How to Fix AWS Lambda Timeout Error: A Comprehensive Troubleshooting Guide
There are few things in cloud development as universally frustrating as staring at a terminal, waiting for a process to finish, only to be greeted by the dreaded Task timed out after X.00 seconds message.
If you are currently pulling your hair out trying to figure out how to fix AWS Lambda timeout error, take a deep breath. You are in the right place. Whether you are dealing with a synchronous API Gateway request that hangs indefinitely, or an asynchronous background process that silently fails, timeouts are a rite of passage for AWS developers.
In this comprehensive guide, we will go far beyond the standard “just increase the timeout” advice. We will perform a deep dive into root cause analysis, walk through step-by-step solutions ranging from the most common pitfalls to obscure edge cases, and provide copy-paste-ready code examples to make your serverless functions bulletproof.

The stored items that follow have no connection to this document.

lemma sqrt_pi_half_mult_eq:
  "ennreal (sqrt (pi/2)) * (2 * ennreal \<epsilon> + 2 * x / c) = ennreal (sqrt (2 * pi)) * (x / c + ennreal \<epsilon>)"
proof -
  have "sqrt (2 * pi) = sqrt (4 * (pi/2))" by simp
  also have "\<dots> = sqrt (pi/2) * 2" unfolding real_sqrt_mult by simp
  finally show ?thesis
    by (simp add: ennreal_mult'' divide_ennreal_def distrib_left distrib_right ac_simps)
qed

theorem theorem6:
  fixes n q p :: nat
    and C :: "nat \<Rightarrow> nat \<Rightarrow> real"
    and K :: "(nat \<Rightarrow> real) set"
    and \<epsilon> :: real
  assumes n_pos: "n > 0"
    and K_sub: "K \<subseteq> vecs p"
    and eps_nonneg: "\<epsilon> \<ge> 0"
  shows
    "(\<integral>\<^sup>+ B. (SUP (xs, \<nu>, xh) \<in> {(xs, \<nu>, xh). xs \<in> K \<and> \<nu> \<in> vecs n
            \<and> (\<Sum>i<n. \<bar>\<nu> i\<bar>) / real n \<le> \<epsilon>
            \<and> xh \<in> K
            \<and> (\<Sum>i<n. \<bar>mat_vec p (mat_mult q B C) xh i
                       - (mat_vec p (mat_mult q B C) xs i + \<nu> i)\<bar>) / real n \<le> \<epsilon>}.
          ennreal (sqrt (\<Sum>j<p. \<Sum>l<p. (xh j - xs j) * (\<Sum>k<q. C k j * C k l) * (xh l - xs l))))
        \<partial>gauss_mat n q)
     \<le> ennreal (sqrt (2 * pi)) *
        ((\<integral>\<^sup>+ g. (SUP u \<in> {a - b | a b. a \<in> K \<and> b \<in> K}.
                      ennreal \<bar>\<Sum>j<p. (\<Sum>k<q. C k j * g k) * u j\<bar>) \<partial>gauss_vec q)
           / ennreal (sqrt (real n))
         + ennreal \<epsilon>)"
  (is "(\<integral>\<^sup>+B. ?I B \<partial>gauss_mat n q) \<le> ennreal (sqrt (2 * pi)) * (?G / _ + _)")
proof (cases "K = {} \<or> q = 0")
  case True
  then have "?I B = 0" for B
    by (intro antisym SUP_least) (auto split: prod.splits)
  then show ?thesis by simp
next
  case False
  then have "q > 0" and "K \<noteq> {}" by auto
  define W where "W = mat_vec p C ` {a - b | a b. a \<in> K \<and> b \<in> K}"
  obtain a where "a \<in> K" using \<open>K \<noteq> {}\<close> by blast
  moreover have "(\<lambda>_. 0) = mat_vec p C (a - a)" by (simp add: mat_vec_def)
  ultimately have "(\<lambda>_. 0) \<in> W" unfolding W_def by blast
  interpret prob_space "gauss_mat n q" by (rule prob_space_gauss_mat)
  have "(\<integral>\<^sup>+B. ?I B \<partial>gauss_mat n q)
      \<le> (\<integral>\<^sup>+B. ennreal (sqrt (pi/2)) * (2 * ennreal \<epsilon> + l1_gap n q W B) \<partial>gauss_mat n q)"
    using eps_nonneg by (intro nn_integral_mono SUP_least)
      (auto simp: W_def split: prod.splits intro!: sqrt_quadratic_form_le_l1_gap)
  also have "\<dots> = ennreal (sqrt (pi/2)) * (2 * ennreal \<epsilon> + (\<integral>\<^sup>+B. l1_gap n q W B \<partial>gauss_mat n q))"
    using borel_measurable_l1_gap[of n q W]
    by (subst nn_integral_cmult) (auto simp: nn_integral_add emeasure_space_1)
  also have "\<dots> \<le> ennreal (sqrt (pi/2)) * (2 * ennreal \<epsilon> + 2 * ?G / ennreal (sqrt n))"
    using n_pos \<open>q > 0\<close> \<open>(\<lambda>_. 0) \<in> W\<close> unfolding W_def
    by (intro mult_left_mono add_left_mono order_trans[OF nn_integral_l1_gap_le]
        divide_right_mono_ennreal nn_integral_mono SUP_image_mat_vec_le) auto
  finally show ?thesis by (simp only: sqrt_pi_half_mult_eq)
qed

end
lemma dist_solution_scaled_bound:
  "L * (real k + 1) * norm (z k - zstar) \<le> L * (real k + 1) * init_dist + (\<Sum>i<k. (real i + 1) * \<gamma> i)"
proof (induction k)
  case 0
  then show ?case by (simp add: init_dist_def)
next
  case (Suc k)
  have step: "(L * (real k + 2)) *\<^sub>R (z (Suc k) - zstar) = L *\<^sub>R (z 0 - zstar)
      + (real k + 1) *\<^sub>R (L *\<^sub>R (z k - zstar) - (G (z k) - G zstar)) - (real k + 1) *\<^sub>R (zt k - G (z k))"
    unfolding halpern_step_centered by (simp add: zstar_sol scaleR_diff_right)
  have "norm ((L * (real k + 2)) *\<^sub>R (z (Suc k) - zstar))
      \<le> norm (L *\<^sub>R (z 0 - zstar))
        + norm ((real k + 1) *\<^sub>R (L *\<^sub>R (z k - zstar) - (G (z k) - G zstar)))
        + norm ((real k + 1) *\<^sub>R (zt k - G (z k)))"
    unfolding step by (rule order_trans[OF norm_triangle_ineq4 add_right_mono[OF norm_triangle_ineq]])
  then have "L * (real k + 2) * norm (z (Suc k) - zstar)
      \<le> L * init_dist + (real k + 1) * norm (L *\<^sub>R (z k - zstar) - (G (z k) - G zstar))
        + (real k + 1) * norm (zt k - G (z k))"
    using L_pos by (simp add: init_dist_def)
  moreover have "(real k + 1) * norm (L *\<^sub>R (z k - zstar) - (G (z k) - G zstar))
      \<le> (real k + 1) * (L * norm (z k - zstar))"
    using forward_step_nonexpansive[of "z k" zstar] by (simp add: mult_left_mono)
  moreover have "(real k + 1) * norm (zt k - G (z k)) \<le> (real k + 1) * \<gamma> k"
    using inexact[of k] by (simp add: norm_minus_commute mult_left_mono)
  ultimately have "L * (real k + 2) * norm (z (Suc k) - zstar)
      \<le> L * init_dist + (real k + 1) * (L * norm (z k - zstar)) + (real k + 1) * \<gamma> k"
    by linarith
  with Suc show ?case
    by (simp add: algebra_simps)
qed

lemma weighted_err_sum_le: "(\<Sum>i<k. (real i + 1) * \<gamma> i) \<le> (real k + 1) * sqrt (err_sum k)"
proof -
  have "(\<Sum>i<k. (real i + 1) * \<gamma> i) = (\<Sum>i<k. \<bar>1\<bar> * \<bar>(real i + 1) * \<gamma> i\<bar>)"
    using gamma_nonneg by simp
  also have "\<dots> \<le> L2_set (\<lambda>_. 1) {..<k} * L2_set (\<lambda>i. (real i + 1) * \<gamma> i) {..<k}"
    by (rule L2_set_mult_ineq)
  also have "\<dots> = sqrt (real k) * sqrt (err_sum k)"
    by (simp add: L2_set_constant L2_set_def err_sum_def power_mult_distrib)
  also have "\<dots> \<le> (real k + 1) * sqrt (err_sum k)"
  proof (rule mult_right_mono)
    have "real k \<le> (real k + 1)\<^sup>2"
      using mult_nonneg_nonneg[of "real k" "real k"] by (simp add: power2_eq_square algebra_simps)
    then show "sqrt (real k) \<le> real k + 1"
      by (intro real_le_lsqrt) auto
  qed (simp add: err_sum_nonneg)
  finally show ?thesis .
qed

lemma dist_solution_bound: "L * norm (z k - zstar) \<le> L * init_dist + sqrt (err_sum k)"
proof -
  have "(real k + 1) * (L * norm (z k - zstar)) \<le> (real k + 1) * (L * init_dist + sqrt (err_sum k))"
    using dist_solution_scaled_bound[of k] weighted_err_sum_le[of k] by (simp add: algebra_simps)
  then show ?thesis
    by simp
qed

lemma dist_anchor_bound: "L * norm (z k - z 0) \<le> 2 * L * init_dist + sqrt (err_sum k)"
proof -
  have "norm (z k - z 0) \<le> norm (z k - zstar) + init_dist"
    using norm_triangle_ineq[of "z k - zstar" "zstar - z 0"] by (simp add: init_dist_def norm_minus_commute)
  then have "L * norm (z k - z 0) \<le> L * norm (z k - zstar) + L * init_dist"
    using L_pos by (simp add: mult_left_mono flip: distrib_left)
  then show ?thesis
    using dist_solution_bound[of k] by simp
qed

lemma step_length_scaled_le:
  "L * (real k + 2) * norm (z (Suc k) - z k)
     \<le> L * norm (z k - z 0) + (real k + 1) * norm (G (z k)) + (real k + 1) * \<gamma> k"
proof -
  have step: "(L * (real k + 2)) *\<^sub>R (z (Suc k) - z k) = L *\<^sub>R (z 0 - z k) - (real k + 1) *\<^sub>R zt k"
    unfolding halpern_step_centered by simp
  have "L * (real k + 2) * norm (z (Suc k) - z k) = norm ((L * (real k + 2)) *\<^sub>R (z (Suc k) - z k))"
    using L_pos by simp
  also have "\<dots> = norm (L *\<^sub>R (z 0 - z k) - (real k + 1) *\<^sub>R zt k)"
    by (simp only: step)
  also have "\<dots> \<le> norm (L *\<^sub>R (z 0 - z k)) + norm ((real k + 1) *\<^sub>R zt k)"
    by (rule norm_triangle_ineq4)
  also have "\<dots> = L * norm (z k - z 0) + (real k + 1) * norm (zt k)"
    using L_pos by (simp add: norm_minus_commute)
  also have "\<dots> \<le> L * norm (z k - z 0) + (real k + 1) * norm (G (z k)) + (real k + 1) * \<gamma> k"
  proof -
    have "norm (zt k) \<le> norm (G (z k)) + \<gamma> k"
      using norm_triangle_sub[of "zt k" "G (z k)"] inexact[of k] by (simp add: norm_minus_commute)
    then show ?thesis
      by (simp add: mult_left_mono flip: distrib_left)
  qed
  finally show ?thesis .
qed
lemma L_iso_if_cokernel_killed:
  assumes D_ab: "abelian D" and C0: "\<exists>z. zero_object C z"
    and Z: "Z \<in> Ob C" and E: "E \<in> Ob C" and s: "s \<in> Hom C Z E"
    and Ls: "mono D (fo L Z) (fo L E) (fm L s)"
    and cq: "is_cokernel C Z E s Q q" and LQ: "zero_object D (fo L Q)"
  shows "iso_mor D (fo L Z) (fo L E) (fm L s)"
proof -
  interpret D: ab_cat D using D_ab by unfold_locales
  note Qq = is_cokernelD[OF cq]
  note ob = Z E Lob[OF Z] Lob[OF E] Lob[OF Qq(1)] Rob[OF Lob[OF Z]] Rob[OF Lob[OF E]]
  show ?thesis
  proof (rule D.iso_if_mono_and_killers_zero[OF Ls ob(3,4)])
    fix c h assume c: "c \<in> Ob D" and h: "h \<in> Hom D (fo L E) c"
      and zh: "zero_mor D (fo L Z) c (cmp D h (fm L s))"
    have Rc: "fo R c \<in> Ob C" using Rob[OF c] .
    define hb where "hb = cmp C (fm R h) (eta E)"
    have hb: "hb \<in> Hom C E (fo R c)" unfolding hb_def using C.comp_hom[OF eta_hom[OF E] Rhom[OF h]] ob c Rc by blast
    have "cmp C hb s = cmp C (fm R (cmp D h (fm L s))) (eta Z)"
      unfolding hb_def
      using C.comp_assoc[OF s eta_hom[OF E] Rhom[OF h]] eta_naturality[OF s Z E]
        C.comp_assoc[OF eta_hom[OF Z] Rhom[OF Lhom[OF s Z E]] Rhom[OF h]] Rcomp[OF Lhom[OF s Z E] h] ob c Rc
      by simp
    then have "zero_mor C Z (fo R c) (cmp C hb s)"
      using C.zero_mor_comp_right[OF R_zero_mor[OF C0 zh] eta_hom[OF Z]] ob c Rc by simp
    then obtain u where u: "u \<in> Hom C Q (fo R c)" "cmp C u q = hb" using is_cokernel_factor[OF cq Rc hb] by blast
    have "h = cmp D (eps c) (fm L hb)" unfolding hb_def using transpose_L[OF h E c] .
    also have "\<dots> = cmp D (cmp D (eps c) (fm L u)) (fm L q)"
      using u Lcomp[OF Qq(2) u(1) E Qq(1) Rc] D.comp_assoc[OF Lhom[OF Qq(2)] Lhom[OF u(1)] eps_hom[OF c]]
        ob Qq c Rc Lob
      by simp
    finally show "zero_mor D (fo L E) c h"
      using D.zero_morI[OF LQ Lhom[OF Qq(2) E Qq(1)] D.comp_hom[OF Lhom[OF u(1)] eps_hom[OF c]]] ob c Rc Qq Lob
      by simp
  qed
qed
lemma err_tail_bound:
  assumes C: "\<And>q. \<bar>err q\<bar> \<le> C" and \<beta>: "\<forall>q\<ge>Q. \<bar>err q\<bar> \<le> \<beta>"
    and "0 \<le> \<beta>" "1 \<le> G" "G \<le> p" "G * Q \<le> p"
  shows "\<bar>\<Sum>g\<in>{2..p}. weight g p * err (p div g)\<bar>
           \<le> (zeta_nat s - 1) * \<beta> + C * (zeta_nat s - zeta_partial s G)"
proof -
  let ?b = "\<lambda>g. if g \<le> G then \<beta> else C"
  have "\<bar>weight g p * err (p div g)\<bar> \<le> 1 / real g ^ s * ?b g" if g: "g \<in> {2..p}" for g
  proof -
    have "\<bar>err (p div g)\<bar> \<le> ?b g"
    proof (cases "g \<le> G")
      case True
      have "Q \<le> p div G"
        using assms(4,6) by (simp add: less_eq_div_iff_mult_less_eq mult.commute)
      also have "\<dots> \<le> p div g"
        using True g by (intro div_le_mono2) auto
      finally show ?thesis
        using True \<beta> by simp
    qed (simp add: C)
    then have "weight g p * \<bar>err (p div g)\<bar> \<le> 1 / real g ^ s * ?b g"
      using weight_le[of g p] g by (intro mult_mono) auto
    then show ?thesis
      using weight_nonneg[of g p] by (simp only: abs_mult abs_of_nonneg)
  qed
  then have "\<bar>\<Sum>g\<in>{2..p}. weight g p * err (p div g)\<bar> \<le> (\<Sum>g\<in>{2..p}. 1 / real g ^ s * ?b g)"
    by (intro order_trans[OF sum_abs sum_mono])
  also have "\<dots> = (\<Sum>g\<in>{2..G}. 1 / real g ^ s * ?b g) + (\<Sum>g\<in>{Suc G..p}. 1 / real g ^ s * ?b g)"
    using assms(4,5) by (subst sum.union_disjoint[symmetric]) (auto intro: sum.cong)
  also have "\<dots> = \<beta> * (zeta_partial s G - 1) + C * (zeta_partial s p - zeta_partial s G)"
    using assms(4,5) zeta_partial_split[of G p s] zeta_partial_split[of 1 G s]
    by (simp add: sum_distrib_left mult.commute zeta_partial_def numeral_2_eq_2)
  also have "\<dots> \<le> (zeta_nat s - 1) * \<beta> + C * (zeta_nat s - zeta_partial s G)"
    using zeta_partial_le[OF two_le_s] \<open>0 \<le> \<beta>\<close> order_trans[OF abs_ge_zero C]
    by (simp add: mult.commute add_mono mult_left_mono)
  finally show ?thesis .
qed
lemma weak_subsol_add_fC:
  assumes u: "Ck_on 2 Xspace u"
    and sol: "\<And>p. p \<in> Xspace \<Longrightarrow> Lap u p + exp (-2 * u p) * (cmod (poly P (zcoord p)))\<^sup>2 = 0"
    and C: "0 < C"
    and bound: "\<And>p. p \<in> Xspace \<Longrightarrow> (ycoord p)\<^sup>2 * exp (-2 * u p) * (cmod (poly P (zcoord p)))\<^sup>2 \<le> C"
  shows "weak_subsol P (\<lambda>p. u p + fC C (ycoord p))"
  unfolding weak_subsol_def
proof (intro conjI allI impI)
  let ?Q = "\<lambda>p. (cmod (poly P (zcoord p)))\<^sup>2"
  let ?w = "\<lambda>p. u p + fC C (ycoord p)"
  let ?G = "\<lambda>p. exp (-2 * ?w p) * ?Q p"
  show cont_w: "continuous_on Xspace ?w"
    by (intro continuous_intros Ck_on_imp_continuous_on[OF u] continuous_on_fC_ycoord[OF C])
  fix v assume "test_fun v"
  then obtain K where v: "C2_test_function K v" and v_nonneg: "\<And>p. 0 \<le> v p"
    by (blast elim: test_fun_imp_C2_test_function)
  have "continuous_on Xspace ?G"
    by (intro continuous_intros continuous_on_poly_zcoord cont_w)
  note weak = C2_test_function.weak_form_C2[OF v u this]
    and fC = C2_test_function.set_integral_fC_Lap[OF v C]
    and int_fC'' = C2_test_function.set_integrable_fC''_mult[OF v C]
  have "(LINT p:Xspace|lborel. - ?w p * Lap v p - ?G p * v p)
      = (LINT p:Xspace|lborel. - u p * Lap v p - ?G p * v p)
        - (LINT p:Xspace|lborel. fC C (ycoord p) * Lap v p)"
    using set_integral_diff(2)[OF weak(1) fC(1)] by (simp add: algebra_simps)
  also have "\<dots> = (LINT p:Xspace|lborel. (- Lap u p - ?G p - fC'' C (ycoord p)) * v p)"
    using set_integral_diff(2)[OF weak(2) int_fC''] weak(3) fC(2) by (simp add: algebra_simps)
  also have "\<dots> \<le> (LINT p:Xspace|lborel. 0)"
  proof (rule set_integral_mono)
    show "set_integrable lborel Xspace (\<lambda>p. (- Lap u p - ?G p - fC'' C (ycoord p)) * v p)"
      using set_integral_diff(1)[OF weak(2) int_fC''] by (simp add: algebra_simps)
    show "set_integrable lborel Xspace (\<lambda>p. 0 :: real)" by (simp add: set_integrable_def)
    fix p assume p: "p \<in> Xspace"
    then have y: "0 < ycoord p" by (simp add: Xspace_def)
    have "exp (-2 * u p) * ?Q p - ?G p - fC'' C (ycoord p) \<le> 0"
    proof (cases "ycoord p < C")
      case True
      then show ?thesis by (simp add: fC''_def fC_def)
    next
      case False
      have "(ycoord p)\<^sup>2 * (exp (-2 * u p) * ?Q p) \<le> C"
        using bound[OF p] by (simp add: mult.assoc)
      then have "exp (-2 * u p) * ?Q p \<le> fC'' C (ycoord p)"
        using False y by (simp add: fC''_def field_simps)
      moreover have "0 \<le> ?G p" by simp
      ultimately show ?thesis by linarith
    qed
    moreover have "- Lap u p = exp (-2 * u p) * ?Q p"
      using sol[OF p] by simp
    ultimately show "(- Lap u p - ?G p - fC'' C (ycoord p)) * v p \<le> 0"
      using v_nonneg[of p] by (simp add: mult_nonpos_nonneg)
  qed
  finally show "(LINT p:Xspace|lborel. - ?w p * Lap v p - ?G p * v p) \<le> 0"
    by simp
qed

lemma classical_supersol_add_ycoord:
  assumes u: "Ck_on 2 Xspace u" and p: "p \<in> Xspace"
    and sol: "Lap u p + exp (-2 * u p) * (cmod (poly P (zcoord p)))\<^sup>2 = 0"
  shows "Lap (\<lambda>q. u q + ycoord q) p + exp (-2 * (u p + ycoord p)) * (cmod (poly P (zcoord p)))\<^sup>2 \<le> 0"
proof -
  have "exp (-2 * (u p + ycoord p)) \<le> exp (-2 * u p)"
    using p by (simp add: Xspace_def)
  then have "exp (-2 * (u p + ycoord p)) * (cmod (poly P (zcoord p)))\<^sup>2
      \<le> exp (-2 * u p) * (cmod (poly P (zcoord p)))\<^sup>2"
    by (rule mult_right_mono) simp
  then show ?thesis using sol Lap_add_ycoord[OF u p] by simp
qed

lemma bdd_above_image_power2:
  fixes f :: "'a \<Rightarrow> real"
  assumes "bdd_above (f ` S)" "\<And>x. x \<in> S \<Longrightarrow> 0 \<le> f x"
  shows "bdd_above ((\<lambda>x. (f x)\<^sup>2) ` S)"
proof -
  obtain M where "\<And>x. x \<in> S \<Longrightarrow> f x \<le> M"
    using assms(1) by (auto simp: bdd_above_def)
  then have "\<And>x. x \<in> S \<Longrightarrow> (f x)\<^sup>2 \<le> M\<^sup>2"
    using assms(2) by (intro power_mono) auto
  then show ?thesis by (auto simp: bdd_above_def)
qed

lemma bdd_above_squared_weight:
  assumes "bdd_above ((\<lambda>p. ycoord p * exp (- u p) * cmod (poly P (zcoord p))) ` Xspace)"
  shows "bdd_above ((\<lambda>p. (ycoord p)\<^sup>2 * exp (-2 * u p) * (cmod (poly P (zcoord p)))\<^sup>2) ` Xspace)"
proof -
  have "bdd_above ((\<lambda>p. (ycoord p * exp (- u p) * cmod (poly P (zcoord p)))\<^sup>2) ` Xspace)"
    by (rule bdd_above_image_power2[OF assms]) (simp add: Xspace_def)
  moreover have "exp (-2 * u p) = (exp (- u p))\<^sup>2" for p
    by (simp add: power2_eq_square exp_add[symmetric])
  ultimately show ?thesis by (simp add: power_mult_distrib)
qed

theorem mainTheorem1:
  fixes P :: "complex poly" and u0 :: "real \<times> real \<times> real \<Rightarrow> real"
    and R0 K :: real
  assumes P_nz: "P \<noteq> 0"
    and u0_smooth: "smooth_on Xspace u0"
    and u0_sol: "\<forall>p\<in>Xspace. Lap u0 p + exp (-2 * u0 p) * (cmod (poly P (zcoord p)))\<^sup>2 = 0"
    and u0_bdd: "bdd_above ((\<lambda>p. ycoord p * exp (- u0 p) * cmod (poly P (zcoord p))) ` Xspace)"
    and R0_pos: "R0 > 0" and K_pos: "K > 0"
    and u0_asym: "\<forall>p\<in>Xspace. Rad p \<ge> R0 \<longrightarrow>
        \<bar>u0 p - real (degree P) * ln (Rad p) - ln (ycoord p)\<bar> \<le> K"
  shows "smooth_on Xspace (\<lambda>p. u0 p + ycoord p)
      \<and> (\<forall>p\<in>Xspace. Lap (\<lambda>q. u0 q + ycoord q) p
            + exp (-2 * (u0 p + ycoord p)) * (cmod (poly P (zcoord p)))\<^sup>2 \<le> 0)
      \<and> weak_supersol P (\<lambda>p. u0 p + ycoord p)
      \<and> (\<forall>C::real. C \<ge> max 1 (SUP p\<in>Xspace. (ycoord p)\<^sup>2 * exp (-2 * u0 p) * (cmod (poly P (zcoord p)))\<^sup>2) \<longrightarrow>
           weak_subsol P (\<lambda>p. u0 p + fC C (ycoord p))
           \<and> (\<forall>p\<in>Xspace. u0 p \<le> u0 p + fC C (ycoord p)
                \<and> u0 p + fC C (ycoord p) \<le> u0 p + ycoord p))"
proof -
  have u0: "Ck_on 2 Xspace u0" using u0_smooth unfolding smooth_on_def by blast
  have classical: "Lap (\<lambda>q. u0 q + ycoord q) p
      + exp (-2 * (u0 p + ycoord p)) * (cmod (poly P (zcoord p)))\<^sup>2 \<le> 0" if "p \<in> Xspace" for p
    using classical_supersol_add_ycoord[OF u0 that] u0_sol that by blast
  show ?thesis
  proof (intro conjI ballI allI impI)
    show "smooth_on Xspace (\<lambda>p. u0 p + ycoord p)"
      using Ck_on_add[OF open_Xspace] u0_smooth Ck_on_ycoord unfolding smooth_on_def by blast
    then show "weak_supersol P (\<lambda>p. u0 p + ycoord p)"
      using weak_supersol_if_classical classical unfolding smooth_on_def by blast
    fix C assume C: "C \<ge> max 1 (SUP p\<in>Xspace. (ycoord p)\<^sup>2 * exp (-2 * u0 p) * (cmod (poly P (zcoord p)))\<^sup>2)"
    then have "0 < C" by simp
    have "(ycoord p)\<^sup>2 * exp (-2 * u0 p) * (cmod (poly P (zcoord p)))\<^sup>2 \<le> C" if "p \<in> Xspace" for p
      using cSUP_upper[OF that bdd_above_squared_weight[OF u0_bdd]] C by simp
    then show "weak_subsol P (\<lambda>p. u0 p + fC C (ycoord p))"
      using weak_subsol_add_fC[OF u0 _ \<open>0 < C\<close>] u0_sol by blast
    fix p assume "p \<in> Xspace"
    then show "u0 p \<le> u0 p + fC C (ycoord p)" "u0 p + fC C (ycoord p) \<le> u0 p + ycoord p"
      using fC_nonneg[OF \<open>0 < C\<close>] fC_le[OF \<open>0 < C\<close>] by (simp_all add: Xspace_def)
  qed (rule classical)
qed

Understanding the AWS Lambda Timeout Error
Before we can fix the problem, we need to understand what is actually happening under the hood.
By default, AWS Lambda configures a safety net for your functions: a default timeout of 3 seconds. If your function does not complete its execution and return a response within this window, AWS forcefully terminates the container running your code.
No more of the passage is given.